**EXCERPTED RECORDS**
== Segment start ==
(* Consider the system $\dot\theta_i=\omega_i-\frac{\kappa}{N}\sum_{j=1}^N(1+\cos\theta_j)\sin\theta_i$, $i=1,\dots,N$. For an equilibrium $\Theta$ let $R=\frac1N\sum_j(1+\cos\theta_j)$. (a) If $\kappa>0$, then any equilibrium whose order parameter $R$ satisfies $NR(1-R)+\frac{\sum_i\omega_i^2}{N\kappa^2R^2}>0$ is linearly unstable; in particular any equilibrium with $0<R<1$ is linearly unstable. (b) If $\kappa<0$, then any equilibrium whose order parameter satisfies $NR(1-R)+\frac{\sum_i\omega_i^2}{N\kappa^2R^2}<0$ is linearly unstable.
   Context: An equilibrium is a point where all right-hand sides vanish; it is linearly unstable if the Jacobian matrix of the vector field at that point has an eigenvalue with positive real part. The conditions implicitly require $R\neq0$. *)

theory Defs
  imports "HOL-Analysis.Analysis"
begin

definition vfield :: "real \<Rightarrow> real^'n \<Rightarrow> real^'n \<Rightarrow> real^'n" where
  "vfield \<kappa> \<omega> \<theta> = (\<chi> i. \<omega> $ i - (\<kappa> / real CARD('n)) *
      (\<Sum>j\<in>UNIV. 1 + cos (\<theta> $ j)) * sin (\<theta> $ i))"

definition order_param :: "real^'n \<Rightarrow> real" where
  "order_param \<theta> = (\<Sum>j\<in>UNIV. 1 + cos (\<theta> $ j)) / real CARD('n)"

definition is_equilibrium :: "(real^'n \<Rightarrow> real^'n) \<Rightarrow> real^'n \<Rightarrow> bool" where
  "is_equilibrium F x \<longleftrightarrow> F x = 0"

definition linearly_unstable :: "(real^'n \<Rightarrow> real^'n) \<Rightarrow> real^'n \<Rightarrow> bool" where
  "linearly_unstable F x \<longleftrightarrow>
     (\<exists>(\<mu>::complex) (v::complex^'n). v \<noteq> 0 \<and> 0 < Re \<mu> \<and>
        (\<chi> i k. complex_of_real (jacobian F (at x) $ i $ k)) *v v = \<mu> *s v)"

end

theory Submission
  imports Defs
begin

(* At an equilibrium the Jacobian is J = (kappa/N) s s^T - kappa R diag(cos theta_i) with
   s = (sin theta_i), a symmetric matrix. Since omega_i = kappa R sin theta_i there, its trace is
   kappa (N R (1 - R) + sum omega_i^2 / (N kappa^2 R^2)). A symmetric matrix with positive trace
   has a positive diagonal entry e_i^T J e_i, so the maximum of its Rayleigh quotient, which is
   an eigenvalue, is positive. *)

lemma linear_coeff_zero_if_quadratic_nonneg:
  fixes a b :: real
  assumes nonneg: "\<And>t. 0 \<le> a * t + b * t\<^sup>2"
  shows "a = 0"
proof (rule ccontr)
  assume "a \<noteq> 0"
  define c where "c = \<bar>b\<bar> + 1"
  have "c > 0" "b - c < 0"
    unfolding c_def by auto
  have "a * (- a / c) + b * (- a / c)\<^sup>2 = a\<^sup>2 / c\<^sup>2 * (b - c)"
    using \<open>c > 0\<close> by (simp add: field_simps power2_eq_square)
  also have "\<dots> < 0"
    using \<open>a \<noteq> 0\<close> \<open>c > 0\<close> \<open>b - c < 0\<close> by (intro mult_pos_neg) simp_all
  finally show False
    using nonneg[of "- a / c"] by simp
qed

lemma symmetric_matrix_inner_commute:
  fixes A :: "real^'n^'n"
  assumes "transpose A = A"
  shows "x \<bullet> (A *v y) = (A *v x) \<bullet> y"
  by (metis assms dot_lmul_matrix vector_transpose_matrix)

lemma symmetric_matrix_eigenvector_if_rayleigh_max:
  fixes A :: "real^'n^'n"
  assumes sym: "transpose A = A"
    and max: "\<And>x. x \<bullet> (A *v x) \<le> l * (x \<bullet> x)"
    and attained: "v \<bullet> (A *v v) = l * (v \<bullet> v)"
  shows "A *v v = l *\<^sub>R v"
proof -
  define w where "w = A *v v - l *\<^sub>R v"
  have "0 \<le> (- 2 * (w \<bullet> w)) * t + (l * (w \<bullet> w) - w \<bullet> (A *v w)) * t\<^sup>2" for t
  proof -
    have "(v + t *\<^sub>R w) \<bullet> (A *v (v + t *\<^sub>R w))
        = v \<bullet> (A *v v) + 2 * t * (w \<bullet> (A *v v)) + t\<^sup>2 * (w \<bullet> (A *v w))"
      using symmetric_matrix_inner_commute[OF sym, of v w]
      by (simp add: matrix_vector_right_distrib matrix_vector_mult_scaleR inner_add_left
          inner_add_right inner_commute power2_eq_square algebra_simps)
    moreover have "(v + t *\<^sub>R w) \<bullet> (v + t *\<^sub>R w) = v \<bullet> v + 2 * t * (w \<bullet> v) + t\<^sup>2 * (w \<bullet> w)"
      by (simp add: inner_add_left inner_add_right inner_commute power2_eq_square algebra_simps)
    moreover have "w \<bullet> (A *v v) - l * (w \<bullet> v) = w \<bullet> w"
      by (simp add: w_def inner_diff_right)
    ultimately show ?thesis
      using max[of "v + t *\<^sub>R w"] attained by (simp add: algebra_simps)
  qed
  then have "- 2 * (w \<bullet> w) = 0"
    by (rule linear_coeff_zero_if_quadratic_nonneg)
  then show ?thesis
    by (simp add: w_def)
qed

lemma symmetric_matrix_top_eigenvector:
  fixes A :: "real^'n^'n"
  assumes sym: "transpose A = A"
  obtains v l where "v \<noteq> 0" "A *v v = l *\<^sub>R v" "\<And>x. x \<bullet> (A *v x) \<le> l * (x \<bullet> x)"
proof -
  define q where "q x = x \<bullet> (A *v x)" for x
  have "continuous_on (sphere 0 1) q"
    unfolding q_def by (intro continuous_intros linear_continuous_on matrix_vector_mul_linear)
  then obtain v where v: "v \<in> sphere 0 1" and v_max: "\<And>x. x \<in> sphere 0 1 \<Longrightarrow> q x \<le> q v"
    using continuous_attains_sup[of "sphere 0 1" q] by auto
  have q_scale: "q (c *\<^sub>R x) = c\<^sup>2 * q x" for c x
    unfolding q_def by (simp add: matrix_vector_mult_scaleR power2_eq_square)
  have bound: "q x \<le> q v * (x \<bullet> x)" for x
  proof (cases "x = 0")
    case False
    then have "q ((1 / norm x) *\<^sub>R x) \<le> q v"
      by (intro v_max) simp
    then show ?thesis
      using False by (simp add: q_scale power_divide divide_le_eq dot_square_norm)
  qed (simp add: q_def)
  have "v \<bullet> v = 1"
    using v by (simp add: dot_square_norm)
  then have "A *v v = q v *\<^sub>R v"
    using bound by (intro symmetric_matrix_eigenvector_if_rayleigh_max[OF sym]) (simp_all add: q_def)
  moreover have "v \<noteq> 0"
    using v by auto
  ultimately show ?thesis
    using that bound unfolding q_def by blast
qed

lemma symmetric_matrix_pos_eigenvalue_if_trace_pos:
  fixes A :: "real^'n^'n"
  assumes sym: "transpose A = A" and trace: "0 < trace A"
  obtains v l where "v \<noteq> 0" "0 < l" "A *v v = l *\<^sub>R v"
proof -
  have "\<not> (\<forall>i. A $ i $ i \<le> 0)"
    using trace sum_nonpos[of UNIV "\<lambda>i. A $ i $ i"] by (auto simp: trace_def)
  then obtain i where "0 < A $ i $ i"
    by (auto simp: not_le)
  obtain v l where eigen: "v \<noteq> 0" "A *v v = l *\<^sub>R v"
    and max: "\<And>x. x \<bullet> (A *v x) \<le> l * (x \<bullet> x)"
    using symmetric_matrix_top_eigenvector[OF sym] by blast
  have "A $ i $ i = axis i 1 \<bullet> (A *v axis i 1)"
    by (simp add: inner_axis' matrix_vector_mult_basis column_def)
  also have "\<dots> \<le> l"
    using max[of "axis i 1"] by (simp add: inner_axis_axis)
  finally have "0 < l"
    using \<open>0 < A $ i $ i\<close> by simp
  with eigen show ?thesis
    by (intro that)
qed

lemma matrix_vector_mult_of_real:
  fixes A :: "real^'m^'n"
  shows "(\<chi> i k. complex_of_real (A $ i $ k)) *v (\<chi> i. complex_of_real (v $ i))
    = (\<chi> i. complex_of_real ((A *v v) $ i))"
  by (simp add: vec_eq_iff matrix_vector_mult_def)

lemma linearly_unstable_if_pos_eigenvalue:
  assumes "jacobian F (at x) *v v = l *\<^sub>R v" "v \<noteq> 0" "0 < l"
  shows "linearly_unstable F x"
proof -
  define cv where "cv = (\<chi> i. complex_of_real (v $ i))"
  have "(\<chi> i k. complex_of_real (jacobian F (at x) $ i $ k)) *v cv = complex_of_real l *s cv"
    unfolding cv_def matrix_vector_mult_of_real assms(1) by (simp add: vec_eq_iff)
  moreover have "cv \<noteq> 0"
    using assms(2) by (simp add: cv_def vec_eq_iff)
  ultimately show ?thesis
    unfolding linearly_unstable_def using assms(3) by force
qed

lemma linearly_unstable_if_symmetric_jacobian_trace_pos:
  assumes "transpose (jacobian F (at x)) = jacobian F (at x)" "0 < trace (jacobian F (at x))"
  shows "linearly_unstable F x"
proof -
  obtain v l where "v \<noteq> 0" "0 < l" "jacobian F (at x) *v v = l *\<^sub>R v"
    using symmetric_matrix_pos_eigenvalue_if_trace_pos[OF assms] .
  then show ?thesis
    by (intro linearly_unstable_if_pos_eigenvalue)
qed

lemma has_derivative_componentwise_cart:
  fixes f :: "'a::real_normed_vector \<Rightarrow> real^'n"
  shows "(f has_derivative f') (at a within S) \<longleftrightarrow>
    (\<forall>i. ((\<lambda>x. f x $ i) has_derivative (\<lambda>h. f' h $ i)) (at a within S))"
proof -
  have "(\<forall>b\<in>Basis. P b) \<longleftrightarrow> (\<forall>i. P (axis i 1))" for P :: "real^'n \<Rightarrow> bool"
    by (auto simp: Basis_vec_def)
  then show ?thesis
    by (subst has_derivative_componentwise_within) (simp add: inner_axis)
qed

lemma has_derivative_vec_nth [derivative_intros]:
  "(f has_derivative f') F \<Longrightarrow> ((\<lambda>x. f x $ i) has_derivative (\<lambda>h. f' h $ i)) F"
  by (rule bounded_linear.has_derivative[OF bounded_linear_vec_nth])

lemma jacobian_at_eqI:
  fixes f :: "real^'m \<Rightarrow> real^'n"
  assumes "(f has_derivative (\<lambda>h. A *v h)) (at x)"
  shows "jacobian f (at x) = A"
  using frechet_derivative_at[OF assms] by (metis jacobian_def matrix_of_matrix_vector_mul)

definition vfield_jacobian :: "real \<Rightarrow> real^'n \<Rightarrow> real^'n^'n" where
  "vfield_jacobian \<kappa> \<theta> = (\<chi> i k. \<kappa> / real CARD('n) * sin (\<theta> $ i) * sin (\<theta> $ k)
      - (if i = k then \<kappa> * order_param \<theta> * cos (\<theta> $ i) else 0))"

lemma vfield_nth: "vfield \<kappa> \<omega> \<theta> $ i = \<omega> $ i - \<kappa> * order_param \<theta> * sin (\<theta> $ i)"
  by (simp add: vfield_def order_param_def)

lemma has_derivative_order_param:
  fixes \<theta> :: "real^'n"
  shows "(order_param has_derivative (\<lambda>h. - (\<Sum>j\<in>UNIV. sin (\<theta> $ j) * h $ j) / real CARD('n))) (at \<theta>)"
  unfolding order_param_def
  by (auto intro!: derivative_eq_intros simp: sum_negf ac_simps)

lemma vfield_jacobian_mult_nth:
  fixes \<theta> h :: "real^'n"
  shows "(vfield_jacobian \<kappa> \<theta> *v h) $ i
      = \<kappa> / real CARD('n) * sin (\<theta> $ i) * (\<Sum>k\<in>UNIV. sin (\<theta> $ k) * h $ k)
        - \<kappa> * order_param \<theta> * cos (\<theta> $ i) * h $ i"
  by (simp add: vfield_jacobian_def matrix_vector_mult_def left_diff_distrib sum_subtractf
      sum_distrib_left mult.assoc if_distrib[of "\<lambda>x. x * h $ _"] cong: if_cong)

lemma has_derivative_vfield:
  fixes \<theta> :: "real^'n"
  shows "(vfield \<kappa> \<omega> has_derivative (\<lambda>h. vfield_jacobian \<kappa> \<theta> *v h)) (at \<theta>)"
  unfolding has_derivative_componentwise_cart vfield_nth vfield_jacobian_mult_nth
  by (auto intro!: derivative_eq_intros has_derivative_order_param simp: algebra_simps)

lemma jacobian_vfield: "jacobian (vfield \<kappa> \<omega>) (at \<theta>) = vfield_jacobian \<kappa> \<theta>"
  by (rule jacobian_at_eqI[OF has_derivative_vfield])

lemma transpose_vfield_jacobian: "transpose (vfield_jacobian \<kappa> \<theta>) = vfield_jacobian \<kappa> \<theta>"
  by (simp add: vec_eq_iff transpose_def vfield_jacobian_def)

lemma trace_vfield_jacobian:
  fixes \<theta> :: "real^'n"
  shows "trace (vfield_jacobian \<kappa> \<theta>)
    = \<kappa> / real CARD('n) * (\<Sum>i\<in>UNIV. (sin (\<theta> $ i))\<^sup>2) - \<kappa> * order_param \<theta> * (\<Sum>i\<in>UNIV. cos (\<theta> $ i))"
  by (simp add: trace_def vfield_jacobian_def sum_subtractf sum_distrib_left power2_eq_square
      mult.assoc)

lemma sum_cos_eq_order_param:
  fixes \<theta> :: "real^'n"
  shows "(\<Sum>i\<in>UNIV. cos (\<theta> $ i)) = real CARD('n) * (order_param \<theta> - 1)"
  by (simp add: order_param_def sum.distrib field_simps)

lemma equilibrium_vfield_nth:
  assumes "is_equilibrium (vfield \<kappa> \<omega>) \<theta>"
  shows "\<omega> $ i = \<kappa> * order_param \<theta> * sin (\<theta> $ i)"
  using arg_cong[OF assms[unfolded is_equilibrium_def], of "\<lambda>x. x $ i"] by (simp add: vfield_nth)

lemma trace_jacobian_vfield_equilibrium:
  fixes \<omega> \<theta> :: "real^'n"
  defines "R \<equiv> order_param \<theta>" and "N \<equiv> real CARD('n)"
  assumes eq: "is_equilibrium (vfield \<kappa> \<omega>) \<theta>" and "\<kappa> \<noteq> 0" and "R \<noteq> 0"
  shows "trace (jacobian (vfield \<kappa> \<omega>) (at \<theta>))
    = \<kappa> * (N * R * (1 - R) + (\<Sum>i\<in>UNIV. (\<omega> $ i)\<^sup>2) / (N * \<kappa>\<^sup>2 * R\<^sup>2))"
proof -
  have "(\<Sum>i\<in>UNIV. (\<omega> $ i)\<^sup>2) = \<kappa>\<^sup>2 * R\<^sup>2 * (\<Sum>i\<in>UNIV. (sin (\<theta> $ i))\<^sup>2)"
    using equilibrium_vfield_nth[OF eq] by (simp add: R_def power_mult_distrib sum_distrib_left)
  then show ?thesis
    unfolding jacobian_vfield trace_vfield_jacobian sum_cos_eq_order_param
    using assms by (simp add: field_simps power2_eq_square)
qed

lemma linearly_unstable_vfield_equilibrium:
  fixes \<omega> \<theta> :: "real^'n"
  defines "R \<equiv> order_param \<theta>" and "N \<equiv> real CARD('n)"
  assumes eq: "is_equilibrium (vfield \<kappa> \<omega>) \<theta>"
    and pos: "0 < \<kappa> * (N * R * (1 - R) + (\<Sum>i\<in>UNIV. (\<omega> $ i)\<^sup>2) / (N * \<kappa>\<^sup>2 * R\<^sup>2))"
  shows "linearly_unstable (vfield \<kappa> \<omega>) \<theta>"
proof -
  \<comment> \<open>for \<open>R = 0\<close> the bracket vanishes, division by zero giving 0\<close>
  have "\<kappa> \<noteq> 0" "R \<noteq> 0"
    using pos by auto
  then have "0 < trace (jacobian (vfield \<kappa> \<omega>) (at \<theta>))"
    using trace_jacobian_vfield_equilibrium[OF eq] pos by (simp add: R_def N_def)
  then show ?thesis
    by (intro linearly_unstable_if_symmetric_jacobian_trace_pos)
      (simp_all add: jacobian_vfield transpose_vfield_jacobian)
qed

theorem proposition5p5:
  fixes \<kappa> :: real and \<omega> \<Theta> :: "real^'n"
  assumes eq: "is_equilibrium (vfield \<kappa> \<omega>) \<Theta>"
  defines "R \<equiv> order_param \<Theta>"
  defines "N \<equiv> real CARD('n)"
  shows "(\<kappa> > 0 \<longrightarrow>
            ((N * R * (1 - R) + (\<Sum>i\<in>UNIV. (\<omega> $ i)\<^sup>2) / (N * \<kappa>\<^sup>2 * R\<^sup>2) > 0
                \<longrightarrow> linearly_unstable (vfield \<kappa> \<omega>) \<Theta>)
             \<and> (0 < R \<and> R < 1 \<longrightarrow> linearly_unstable (vfield \<kappa> \<omega>) \<Theta>)))
       \<and> (\<kappa> < 0 \<longrightarrow>
            (N * R * (1 - R) + (\<Sum>i\<in>UNIV. (\<omega> $ i)\<^sup>2) / (N * \<kappa>\<^sup>2 * R\<^sup>2) < 0
                \<longrightarrow> linearly_unstable (vfield \<kappa> \<omega>) \<Theta>))"
proof -
  define E where "E = N * R * (1 - R) + (\<Sum>i\<in>UNIV. (\<omega> $ i)\<^sup>2) / (N * \<kappa>\<^sup>2 * R\<^sup>2)"
  have unstable: "linearly_unstable (vfield \<kappa> \<omega>) \<Theta>" if "0 < \<kappa> * E"
    using linearly_unstable_vfield_equilibrium[OF eq] that by (simp add: E_def R_def N_def)
  have "0 < E" if "0 < R" "R < 1"
  proof -
    have "0 < N * R * (1 - R)"
      using that by (simp add: N_def)
    moreover have "0 \<le> (\<Sum>i\<in>UNIV. (\<omega> $ i)\<^sup>2) / (N * \<kappa>\<^sup>2 * R\<^sup>2)"
      by (simp add: N_def sum_nonneg)
    ultimately show ?thesis
      unfolding E_def by linarith
  qed
  then show ?thesis
    unfolding E_def[symmetric] using unstable by (auto simp: mult_neg_neg)
qed

end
== Segment end ==
The required output is the stretch of entries above from the line containing "(\<forall>i. ((\<lambda>x. f" through the line containing "by (simp add: vfield_jacobian_def", reproduced exactly.

    (\<forall>i. ((\<lambda>x. f x $ i) has_derivative (\<lambda>h. f' h $ i)) (at a within S))"
proof -
  have "(\<forall>b\<in>Basis. P b) \<longleftrightarrow> (\<forall>i. P (axis i 1))" for P :: "real^'n \<Rightarrow> bool"
    by (auto simp: Basis_vec_def)
  then show ?thesis
    by (subst has_derivative_componentwise_within) (simp add: inner_axis)
qed

lemma has_derivative_vec_nth [derivative_intros]:
  "(f has_derivative f') F \<Longrightarrow> ((\<lambda>x. f x $ i) has_derivative (\<lambda>h. f' h $ i)) F"
  by (rule bounded_linear.has_derivative[OF bounded_linear_vec_nth])

lemma jacobian_at_eqI:
  fixes f :: "real^'m \<Rightarrow> real^'n"
  assumes "(f has_derivative (\<lambda>h. A *v h)) (at x)"
  shows "jacobian f (at x) = A"
  using frechet_derivative_at[OF assms] by (metis jacobian_def matrix_of_matrix_vector_mul)

definition vfield_jacobian :: "real \<Rightarrow> real^'n \<Rightarrow> real^'n^'n" where
  "vfield_jacobian \<kappa> \<theta> = (\<chi> i k. \<kappa> / real CARD('n) * sin (\<theta> $ i) * sin (\<theta> $ k)
      - (if i = k then \<kappa> * order_param \<theta> * cos (\<theta> $ i) else 0))"

lemma vfield_nth: "vfield \<kappa> \<omega> \<theta> $ i = \<omega> $ i - \<kappa> * order_param \<theta> * sin (\<theta> $ i)"
  by (simp add: vfield_def order_param_def)

lemma has_derivative_order_param:
  fixes \<theta> :: "real^'n"
  shows "(order_param has_derivative (\<lambda>h. - (\<Sum>j\<in>UNIV. sin (\<theta> $ j) * h $ j) / real CARD('n))) (at \<theta>)"
  unfolding order_param_def
  by (auto intro!: derivative_eq_intros simp: sum_negf ac_simps)

lemma vfield_jacobian_mult_nth:
  fixes \<theta> h :: "real^'n"
  shows "(vfield_jacobian \<kappa> \<theta> *v h) $ i
      = \<kappa> / real CARD('n) * sin (\<theta> $ i) * (\<Sum>k\<in>UNIV. sin (\<theta> $ k) * h $ k)
        - \<kappa> * order_param \<theta> * cos (\<theta> $ i) * h $ i"
  by (simp add: vfield_jacobian_def matrix_vector_mult_def left_diff_distrib sum_subtractf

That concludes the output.